> [WHAT THIS TASK INVOLVES] Go through the records and extract every line with the word "theorem".

****

lemma intertwiner_image_invariant:
  assumes r: "complex_rep G n \<rho>" and s: "complex_rep G m \<sigma>" and A: "A \<in> carrier_mat n m"
    and comm: "\<And>h. h \<in> carrier G \<Longrightarrow> \<rho> h * A = A * \<sigma> h"
    and g: "g \<in> carrier G" and w: "w \<in> (*\<^sub>v) A ` carrier_vec m"
  shows "\<rho> g *\<^sub>v w \<in> (*\<^sub>v) A ` carrier_vec m"
proof -
  have rg: "\<rho> g \<in> carrier_mat n n" and sg: "\<sigma> g \<in> carrier_mat m m"
    using complex_rep_carrier r s g by auto
  obtain v where v: "v \<in> carrier_vec m" and wv: "w = A *\<^sub>v v" using w by blast
  have "\<rho> g *\<^sub>v w = (\<rho> g * A) *\<^sub>v v" using A rg v wv by (simp add: assoc_mult_mat_vec)
  also have "\<dots> = (A * \<sigma> g) *\<^sub>v v" using comm[OF g] by simp
  also have "\<dots> = A *\<^sub>v (\<sigma> g *\<^sub>v v)" using A sg v by (simp add: assoc_mult_mat_vec)
  finally show ?thesis using sg v by simp
qed

lemma intertwiner_kernel_trivial:
  assumes r: "complex_rep G n \<rho>" and irr: "irreducible_rep G m \<sigma>" and A: "A \<in> carrier_mat n m"
    and comm: "\<And>h. h \<in> carrier G \<Longrightarrow> \<rho> h * A = A * \<sigma> h" and nz: "A \<noteq> 0\<^sub>m n m"
  shows "mat_kernel A = {0\<^sub>v m}"
proof -
  have "mat_kernel A \<noteq> carrier_vec m" using mat_zero_if_kernel_full[OF A] nz by blast
  then show ?thesis
    using irreducible_rep_invariant_subspace[OF irr subspace_vec_mat_kernel[OF A]]
      intertwiner_kernel_invariant[OF r irreducible_rep_complex_rep[OF irr] A comm] by blast
qed

lemma intertwiner_surj:
  assumes irr: "irreducible_rep G n \<rho>" and s: "complex_rep G m \<sigma>" and A: "A \<in> carrier_mat n m"
    and comm: "\<And>h. h \<in> carrier G \<Longrightarrow> \<rho> h * A = A * \<sigma> h" and nz: "A \<noteq> 0\<^sub>m n m"
  shows "(*\<^sub>v) A ` carrier_vec m = carrier_vec n"
proof -
  have "(*\<^sub>v) A ` carrier_vec m \<noteq> {0\<^sub>v n}" using mat_zero_if_image_zero[OF A] nz by blast
  then show ?thesis
    using irreducible_rep_invariant_subspace[OF irr subspace_vec_mat_image[OF A]]
      intertwiner_image_invariant[OF irreducible_rep_complex_rep[OF irr] s A comm] by blast
qed

theorem schur_character_eq:
  assumes irr: "irreducible_rep G n \<rho>" and irs: "irreducible_rep G m \<sigma>"
    and A: "A \<in> carrier_mat n m" and comm: "\<And>h. h \<in> carrier G \<Longrightarrow> \<rho> h * A = A * \<sigma> h"
    and nz: "A \<noteq> 0\<^sub>m n m"
  shows "character G \<rho> = character G \<sigma>"
proof -
  have r: "complex_rep G n \<rho>" and s: "complex_rep G m \<sigma>"
    using irr irs by (auto intro: irreducible_rep_complex_rep)
  obtain C where C: "C \<in> carrier_mat m n" and AC: "A * C = 1\<^sub>m n"
    using mat_right_inverse_if_surj[OF A intertwiner_surj[OF irr s A comm nz]] .
  have CA: "C * A = 1\<^sub>m m"
    using mat_left_inverse_if_inj[OF A C AC intertwiner_kernel_trivial[OF r irs A comm nz]] .
  show ?thesis by (rule character_eq_if_similar[OF r s A C CA AC comm])
qed

theorem schur_scalar:
  assumes irr: "irreducible_rep G n \<rho>" and A: "A \<in> carrier_mat n n"
    and comm: "\<And>h. h \<in> carrier G \<Longrightarrow> \<rho> h * A = A * \<rho> h"
  obtains c where "A = c \<cdot>\<^sub>m 1\<^sub>m n"
proof -
  have r: "complex_rep G n \<rho>" using irr by (rule irreducible_rep_complex_rep)
  have rg: "\<And>g. g \<in> carrier G \<Longrightarrow> \<rho> g \<in> carrier_mat n n" using r by (rule complex_rep_carrier)
  obtain c where "c \<in> spectrum A" using spectrum_non_empty[OF A complex_rep_dim_pos[OF r]] by auto
  then obtain v where v: "v \<in> carrier_vec n" "v \<noteq> 0\<^sub>v n" "A *\<^sub>v v = c \<cdot>\<^sub>v v"
    using A unfolding spectrum_def eigenvalue_def eigenvector_def by auto
  define B where "B = A - c \<cdot>\<^sub>m 1\<^sub>m n"
  have B: "B \<in> carrier_mat n n" unfolding B_def using A by (intro minus_carrier_mat) auto
  have "\<rho> h * B = B * \<rho> h" if h: "h \<in> carrier G" for h
    unfolding B_def using A rg[OF h] comm[OF h]
    by (simp add: mult_minus_distrib_mat minus_mult_distrib_mat
        mult_smult_distrib[OF rg[OF h] one_carrier_mat]
        mult_smult_assoc_mat[OF one_carrier_mat rg[OF h]])
  moreover have "B *\<^sub>v v = 0\<^sub>v n"
    unfolding B_def using A v by (auto simp: minus_mult_distrib_mat_vec)
  then have "v \<in> mat_kernel B" using B v(1) by (intro mat_kernelI)
  ultimately have "B = 0\<^sub>m n n"
    using intertwiner_kernel_trivial[OF r irr B] v(2) by blast
  have "A = c \<cdot>\<^sub>m 1\<^sub>m n"
  proof (rule eq_matI)
    fix i j assume ij: "i < dim_row (c \<cdot>\<^sub>m 1\<^sub>m n)" "j < dim_col (c \<cdot>\<^sub>m 1\<^sub>m n)"
    with \<open>B = 0\<^sub>m n n\<close> have "B $$ (i, j) = 0" by simp
    then show "A $$ (i, j) = (c \<cdot>\<^sub>m 1\<^sub>m n) $$ (i, j)" unfolding B_def using A ij by auto
  qed (use A in auto)
  then show ?thesis by (rule that)
qed

section \<open>Orthogonality relations\<close>

lemma character_inner_eq_rep_average_sum:
  assumes r: "complex_rep G n \<rho>" and s: "complex_rep G m \<sigma>"
  shows "(\<Sum>g\<in>carrier G. character G \<rho> g * character G \<sigma> (inv g))
       = (\<Sum>i<n. \<Sum>k<m. rep_average \<rho> \<sigma> n m (mat_unit n m i k) $$ (i, k))"
proof -
  have "(\<Sum>g\<in>carrier G. character G \<rho> g * character G \<sigma> (inv g))
      = (\<Sum>g\<in>carrier G. (\<Sum>i<n. \<rho> g $$ (i, i)) * (\<Sum>k<m. \<sigma> (inv g) $$ (k, k)))"
  proof (intro sum.cong refl)
    fix g assume g: "g \<in> carrier G"
    then have "dim_row (\<rho> g) = n" "dim_row (\<sigma> (inv g)) = m"
      using complex_rep_carrier[OF r g] complex_rep_carrier[OF s inv_closed[OF g]] by auto
    then show "character G \<rho> g * character G \<sigma> (inv g)
        = (\<Sum>i<n. \<rho> g $$ (i, i)) * (\<Sum>k<m. \<sigma> (inv g) $$ (k, k))"
      using g by (simp add: character_def mat_trace_def)
  qed
  also have "\<dots> = (\<Sum>g\<in>carrier G. \<Sum>i<n. \<Sum>k<m. \<rho> g $$ (i, i) * \<sigma> (inv g) $$ (k, k))"
    by (simp add: sum_product)
  also have "\<dots> = (\<Sum>i<n. \<Sum>k<m. \<Sum>g\<in>carrier G. \<rho> g $$ (i, i) * \<sigma> (inv g) $$ (k, k))"
    by (subst sum.swap) (simp add: sum.swap[of _ "carrier G"])
  also have "\<dots> = (\<Sum>i<n. \<Sum>k<m. rep_average \<rho> \<sigma> n m (mat_unit n m i k) $$ (i, k))"
    using rep_average_mat_unit_index[OF r s] by simp
  finally show ?thesis .
qed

****

> [WRITTEN ANSWER]
theorem schur_character_eq:
theorem schur_scalar:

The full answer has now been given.